17 I was asked to sustain the appeal and hold that
the application was incompetent in respect that it was not accompanied by two
medical reports completed in conformity with the provisions of section 57
of the 2003 Act.
Submissions for First
Respondent
18. Counsel for the first
respondent referred me to the duty of a Mental Health Officer in terms of
section 57 of the Act. He was
required, if sub-section
19. As far as "measures" are concerned I was
referred to section 66 of the Act.
There was there set out a list of the measures which may be authorised by
a compulsory protection order. The first
measure identified (in section 66(1)(a)) was: "The detention of the patient
in the specified hospital." It was not
for the maker of the report to specify the hospital - rather the maker of the
report must decide that the patient required to be detained in a specified
hospital. Which hospital is in fact used
is not a matter for the compiler of the report.
The second measure identified (section 66(1)(b))
was:
"The giving to the patient, in
accordance with part 16 of this Act, of medical
treatment." |
20
He referred me to the
definition of 'medical treatment' contained in section 329 of the Act which
I set out earlier in this note. It was
submitted that the purpose of part 16 was not to define what is or is not
meant by medical treatment. That part of
the Act sets out safeguards for the patient and restrictions on the power of
medical professionals and others to carry out a medical treatment. It was noted that it dealt with a substantial
variety of treatment and in particular at section 342(b) "any other
medicine". This included antipsychotic
medicine which was involved in this case.
21. Section 66 set out the measures which
could be authorised by the Tribunal.
Measure (a) involved detention of the patient in the specified
hospital. Measures (b) to (h) inclusive,
while all being compulsory measures, did not involve compulsory stay in
hospital.
22. It was submitted that each medical practitioner
was called upon to prepare a report as required by the provisions of
section 57. In particular in terms
of section 57(4)(e) each medical practitioner required to specify the
measures that should, in his or her opinion, be authorised by the compulsory
treatment order. He must at the outset
decide whether or not the patient required to be detained in hospital, or, on
the other hand, whether some form of community compulsory measure was
required.
23. The other decision that the medical
practitioner required to make was to decide whether the patient required to be
given "medical treatment". This would be
as defined in the Act and be subject to the provisions of part 16 of the
Act.
24. After receiving the two medical reports, the
Mental Health Officer, if he considered the provisions of section 57 had
been met, was then obliged in terms of section 61 to prepare a report. Thereafter in terms of section 62 he had
a duty to prepare a proposed care plan.
He was then obliged to make an application in terms of section 63 to
the Tribunal and specify the measures which are sought in relation to the
patient. The applications required to be
accompanied by various documents, namely the mental health reports from the two
medical practitioners, the report prepared by the Mental Health Officer under
section 61 of the Act and the proposed care plan.
25. Section 64 set out the powers of the
Tribunal to which I have already made reference.
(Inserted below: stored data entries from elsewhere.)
(* \[ \sum_{n=1}^\infty\frac{p(n)}{n^3(3n-2)^2(3n-1)^2(2n-1)\binom{5n}{3n}^2\binom{2n}{n}}=3\pi^2, \] where $p(n)=574277n^6-1347180n^5+1274841n^4-621294n^3+164024n^2-22184n+1200$. *)

theory Defs
  imports Complex_Main
begin

definition p15 :: "real \<Rightarrow> real" where
  "p15 n = 574277*n^6 - 1347180*n^5 + 1274841*n^4 - 621294*n^3 + 164024*n^2 - 22184*n + 1200"

definition term15 :: "nat \<Rightarrow> real" where
  "term15 n = p15 (real n) /
     (real n ^ 3 * (3 * real n - 2)^2 * (3 * real n - 1)^2 * (2 * real n - 1)
      * real ((5*n) choose (3*n))^2 * real ((2*n) choose n))"

end

theory Submission
  imports Defs "HOL-Analysis.Gamma_Function"
begin

text \<open>
  Put F(n,k) = 18 (3n)! (2n)! n! (4n)! / (5n)! * (k+n)! (k+3n)! / ((k+4n+1)! (k+5n+1)!) and
  G(n,k) = R(n,k) F(n,k) for an explicit rational certificate R. Both F(n+1,k)/F(n,k) and
  F(n,k+1)/F(n,k) are rational in n and k, so the WZ equation
  F(n,k) - F(n+1,k) = G(n,k+1) - G(n,k) reduces to one polynomial identity.
  Summing it over k shows that S(n) - S(n+1) = -G(n,0) for S(n) = \<Sum>k. F(n,k), and -G(n,0)
  is the (n+1)-st term of the series. Hence the series telescopes to S(0) = 18 \<zeta>(2) = 3 \<pi>^2
  minus the limit of S(N), which vanishes: (k+n+1)(k+n+2) F(n,k) decreases in k, and
  (n+1)(n+2) F(n,0) at least halves when n increases.
\<close>

lemma abs_sum_powers_le:
  fixes c :: "nat \<Rightarrow> real"
  assumes "y \<ge> 0"
  shows "\<bar>\<Sum>j\<le>d. c j * y ^ j\<bar> \<le> (\<Sum>j\<le>d. \<bar>c j\<bar>) * (y + 1) ^ d"
proof -
  have "\<bar>\<Sum>j\<le>d. c j * y ^ j\<bar> \<le> (\<Sum>j\<le>d. \<bar>c j * y ^ j\<bar>)"
    by (rule sum_abs)
  also have "\<dots> = (\<Sum>j\<le>d. \<bar>c j\<bar> * y ^ j)"
    using assms by (simp add: abs_mult)
  also have "\<dots> \<le> (\<Sum>j\<le>d. \<bar>c j\<bar> * (y + 1) ^ d)"
  proof (rule sum_mono, rule mult_left_mono)
    fix j assume "j \<in> {..d}"
    then have "y ^ j \<le> (y + 1) ^ j" "(y + 1) ^ j \<le> (y + 1) ^ d"
      using assms by (auto intro: power_mono power_increasing)
    then show "y ^ j \<le> (y + 1) ^ d" by linarith
  qed simp
  finally show ?thesis by (simp add: sum_distrib_right)
qed

lemma power_le_pochhammer:
  fixes a b :: "'a::linordered_semidom"
  assumes "0 \<le> b" "b \<le> a"
  shows "b ^ n \<le> pochhammer a n"
proof (induction n)
  case (Suc n)
  have "0 \<le> pochhammer a n"
    using order_trans[OF zero_le_power[OF assms(1)] Suc.IH] .
  then have "b ^ n * b \<le> pochhammer a n * (a + of_nat n)"
    using Suc assms by (intro mult_mono add_increasing2) auto
  then show ?case
    by (simp add: pochhammer_Suc mult.commute)
qed simp

lemma fact_add_pochhammer: "fact (m + j) = fact m * pochhammer (of_nat m + 1) j"
  by (simp only: pochhammer_fact pochhammer_product') (simp add: add.commute)

lemma fact_mult_Suc: "fact (a * Suc n) = fact (a * n) * pochhammer (of_nat a * of_nat n + 1) a"
  using fact_add_pochhammer[of "a * n" a] by (simp add: add.commute)

lemma pochhammer_numerals:
  fixes a :: "'a::comm_semiring_1"
  shows "pochhammer a 2 = a * (a + 1)"
    and "pochhammer a 3 = a * (a + 1) * (a + 2)"
    and "pochhammer a 4 = a * (a + 1) * (a + 2) * (a + 3)"
    and "pochhammer a 5 = a * (a + 1) * (a + 2) * (a + 3) * (a + 4)"
  by (simp_all add: pochhammer_Suc eval_nat_numeral add.assoc)

lemma divide_identity_of_polynomial_identity:
  fixes P A M Q0 Q1 E0 E1 d f m :: "'a::field"
  assumes "P \<noteq> 0" "E0 \<noteq> 0" "E1 \<noteq> 0" "d \<noteq> 0" "f \<noteq> 0"
    and "P * (E0 * f) - A * M = m * Q1 - f * Q0" and "E0 * f = d * E1"
  shows "1 - A / P * (M / (E0 * f)) = m / d * (Q1 / (P * E1)) - Q0 / (P * E0)"
  using assms by (simp add: field_simps) algebra

section \<open>Telescoping a WZ pair\<close>

lemma WZ_pair_sums:
  fixes F G :: "nat \<Rightarrow> nat \<Rightarrow> 'a::real_normed_vector"
  assumes pair: "\<And>n k. F n k - F (Suc n) k = G n (Suc k) - G n k"
    and summable: "\<And>n. summable (F n)"
    and G_lim: "\<And>n. G n \<longlonglongrightarrow> 0"
    and tail: "(\<lambda>n. suminf (F n)) \<longlonglongrightarrow> 0"
  shows "(\<lambda>n. - G n 0) sums suminf (F 0)"
proof -
  have step: "suminf (F n) - suminf (F (Suc n)) = - G n 0" for n
  proof -
    have "(\<lambda>k. F n k - F (Suc n) k) sums (suminf (F n) - suminf (F (Suc n)))"
      using summable by (intro sums_diff summable_sums)
    moreover have "(\<lambda>k. F n k - F (Suc n) k) sums (0 - G n 0)"
      unfolding pair by (rule telescope_sums[OF G_lim])
    ultimately show ?thesis by (simp add: sums_unique2)
  qed
  have partial_sums: "(\<Sum>n<N. - G n 0) = suminf (F 0) - suminf (F N)" for N
    unfolding step[symmetric] by (rule sum_lessThan_telescope')
  have "(\<lambda>N. suminf (F 0) - suminf (F N)) \<longlonglongrightarrow> suminf (F 0) - 0"
    using tail by (intro tendsto_diff tendsto_const)
  then show ?thesis
    unfolding sums_def partial_sums by simp
qed

section \<open>The WZ pair\<close>

definition wz_U :: "nat \<Rightarrow> real" where
  "wz_U n = 18 * fact (3*n) * fact (2*n) * fact n * fact (4*n) / fact (5*n)"

definition wz_K :: "nat \<Rightarrow> nat \<Rightarrow> real" where
  "wz_K n k = fact (k+n) * fact (k+3*n) / (fact (k+4*n+1) * fact (k+5*n+1))"

definition wz_F :: "nat \<Rightarrow> nat \<Rightarrow> real" where
  "wz_F n k = wz_U n * wz_K n k"

definition wz_U_ratio :: "real \<Rightarrow> real" where
  "wz_U_ratio x = pochhammer (3*x+1) 3 * pochhammer (2*x+1) 2 * (x+1) * pochhammer (4*x+1) 4
     / pochhammer (5*x+1) 5"

definition wz_K_ratio_n :: "real \<Rightarrow> real \<Rightarrow> real" where
  "wz_K_ratio_n x y = (y+x+1) * pochhammer (y+3*x+1) 3 / (pochhammer (y+4*x+2) 4 * pochhammer (y+5*x+2) 5)"

definition wz_K_ratio_k :: "real \<Rightarrow> real \<Rightarrow> real" where
  "wz_K_ratio_k x y = (y+x+1) * (y+3*x+1) / ((y+4*x+2) * (y+5*x+2))"

lemma wz_F_pos: "wz_F n k > 0"
  unfolding wz_F_def wz_U_def wz_K_def by simp

lemma wz_U_Suc: "wz_U (Suc n) = wz_U n * wz_U_ratio (real n)"
proof -
  have "pochhammer (5 * real n + 1) 5 > 0"
    by (intro pochhammer_pos) simp
  then show ?thesis
    unfolding wz_U_def wz_U_ratio_def
    by (simp only: fact_mult_Suc fact_Suc) (simp add: field_simps)
qed

lemma wz_K_Suc_n: "wz_K (Suc n) k = wz_K n k * wz_K_ratio_n (real n) (real k)"
proof -
  have "k + Suc n = Suc (k + n)" "k + 3 * Suc n = (k + 3*n) + 3"
    "k + 4 * Suc n + 1 = (k + 4*n + 1) + 4" "k + 5 * Suc n + 1 = (k + 5*n + 1) + 5"
    by simp_all
  then show ?thesis
    unfolding wz_K_def wz_K_ratio_n_def
    by (simp only: fact_add_pochhammer fact_Suc) (simp add: field_simps)
qed

lemma wz_K_Suc_k: "wz_K n (Suc k) = wz_K n k * wz_K_ratio_k (real n) (real k)"
  unfolding wz_K_def wz_K_ratio_k_def by (simp add: field_simps)

lemma wz_F_Suc_n: "wz_F (Suc n) k = wz_F n k * (wz_U_ratio (real n) * wz_K_ratio_n (real n) (real k))"
  unfolding wz_F_def wz_U_Suc wz_K_Suc_n by (simp add: mult_ac)

lemma wz_F_Suc_k: "wz_F n (Suc k) = wz_F n k * wz_K_ratio_k (real n) (real k)"
  unfolding wz_F_def wz_K_Suc_k by (simp add: mult_ac)

definition wz_Q_coeffs :: "real \<Rightarrow> real list" where
  "wz_Q_coeffs x =
    [-568416 - 11900224*x - 111776872*x^2 - 624017016*x^3 - 2309534840*x^4 - 5977303032*x^5
       - 11104013896*x^6 - 14931970088*x^7 - 14437002632*x^8 - 9794271144*x^9 - 4428328432*x^10
       - 1198778496*x^11 - 147014912*x^12,
     -1651352 - 31112160*x - 261279122*x^2 - 1292877084*x^3 - 4193373926*x^4 - 9370363040*x^5
       - 14733159326*x^6 - 16312615372*x^7 - 12473019122*x^8 - 6276645400*x^9 - 1871920352*x^10
       - 250790144*x^11,
     -2093132 - 35178686*x - 261345551*x^2 - 1131380970*x^3 - 3163577241*x^4 - 5975267578*x^5
       - 7726158433*x^6 - 6757670790*x^7 - 3828716267*x^8 - 1269601656*x^9 - 187209056*x^10,
     -1497872 - 22261155*x - 144617810*x^2 - 539440790*x^3 - 1274183806*x^4 - 1977776255*x^5
       - 2018613830*x^6 - 1307135480*x^7 - 487549082*x^8 - 79848720*x^9,
     -659156 - 8575530*x - 48030075*x^2 - 151365970*x^3 - 293768643*x^4 - 359754850*x^5
       - 271628125*x^6 - 115668730*x^7 - 21279081*x^8,
     -182300 - 2050250*x - 9717190*x^2 - 25179665*x^3 - 38553550*x^4 - 34901825*x^5
       - 17306360*x^6 - 3627660*x^7,
     -30920 - 295750*x - 1155735*x^2 - 2365090*x^3 - 2675715*x^4 - 1587880*x^5 - 386350*x^6,
     -2940 - 23395*x - 72510*x^2 - 109705*x^3 - 81150*x^4 - 23500*x^5,
     -120 - 770*x - 1775*x^2 - 1750*x^3 - 625*x^4]"

definition wz_Q :: "real \<Rightarrow> real \<Rightarrow> real" where
  "wz_Q x y = (\<Sum>j\<le>8. wz_Q_coeffs x ! j * y ^ j)"

definition wz_cert :: "real \<Rightarrow> real \<Rightarrow> real" where
  "wz_cert x y = wz_Q x y / (pochhammer (5*x+1) 5 * (pochhammer (y+4*x+2) 3 * pochhammer (y+5*x+2) 4))"

definition wz_G :: "nat \<Rightarrow> nat \<Rightarrow> real" where
  "wz_G n k = wz_F n k * wz_cert (real n) (real k)"

lemma wz_Q_expand:
  "wz_Q x y = wz_Q_coeffs x ! 0 + wz_Q_coeffs x ! 1 * y + wz_Q_coeffs x ! 2 * y^2
    + wz_Q_coeffs x ! 3 * y^3 + wz_Q_coeffs x ! 4 * y^4 + wz_Q_coeffs x ! 5 * y^5
    + wz_Q_coeffs x ! 6 * y^6 + wz_Q_coeffs x ! 7 * y^7 + wz_Q_coeffs x ! 8 * y^8"
  unfolding wz_Q_def by (simp add: numeral_eq_Suc atMost_Suc)

text \<open>The WZ equation divided by F(n,k), with all denominators cleared.\<close>

lemma wz_Q_polynomial_identity:
  fixes x y :: real
  shows "pochhammer (5*x+1) 5 * (pochhammer (y+4*x+2) 4 * pochhammer (y+5*x+2) 5)
      - pochhammer (3*x+1) 3 * pochhammer (2*x+1) 2 * (x+1) * pochhammer (4*x+1) 4
        * ((y+x+1) * pochhammer (y+3*x+1) 3)
    = (y+x+1) * (y+3*x+1) * wz_Q x (y+1) - (y+4*x+5) * (y+5*x+6) * wz_Q x y"
  unfolding wz_Q_expand wz_Q_coeffs_def pochhammer_numerals by simp algebra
26. It was submitted that in this case the
procedure which was set out in the Act was carried out by the first respondent,
the Mental Health Officer. The patient
was first examined by Dr Jennifer Murphy on 25 October 2005. Counsel went through Dr Murphy's report
(no 8 of inventory of productions for the second respondent) and submitted
that this report indicated clearly that the provisions of section 57(3) and
(4) of the Act had been obtempered.
27.
Counsel then referred to
Dr Odemy's report (no 7 of the inventory of productions for the second
respondent). In particular I was referred
to page 4 where Dr Odemy gave details of the mental illness of the
patient. I was referred to the top of the
proforma at page 5 which said:
"Based on the above
description, please state the patient's need for medical treatment for
medical disorder. Note that medical
treatment includes nursing; care, psychological intervention, habilitation
and rehabilitation (including education and training in work social and
independent living skills) in addition to pharmacological
interventions." |
Dr Odemy then made
various handwritten comments which included:
"Because of her severe brain
damage she is very unco-operative and refuses any help offered by health
care team ... She requires nursing and general medical treatment which
would be totally impossible without
admission." |
28. It was submitted that Dr Odemy was in that
answer, not only dealing with the need for medical treatment as defined in the
Act, but was also dealing with the response in the past to treatment. He gave the cause of her current need for
medical treatment and critically stated that such treatment would be "impossible
without admission". In that context
"without admission" could only mean without admission to a hospital. He was effectively saying that the patient
should be detained in a hospital for the purposes of medical treatment. Dr Odemy confirmed at the top of
page 6 that he was satisfied that medical treatment was available which was
likely to prevent the medical disorder worsening or alleviate any of the
symptoms of effects of the disorder. At
page 7 he confirmed that if the patient were not provided with such
treatment there would be a significant risk to the patient's health, the safety
or welfare or to the safety of any other person.
When asked in the form why he believed this to be the case he
said:
"Sarah's behaviour can be irrational and
unpredicted; she can be verbally abusive.
She is unable to make decisions.
It is therefore in her own interests that appropriate treatment is
offered to her under supervision".
|
It was submitted that in
these answers was a clear opinion that Sarah Beattie required compulsory
measures to allow the treatment to be effective.
29. At page 8 the doctor confirmed that he was
satisfied that because of the patient's mental disorder her ability to make
decision about the provision of such medical treatment was significantly
impaired. This was evidenced by her
inability to seek help from health care workers.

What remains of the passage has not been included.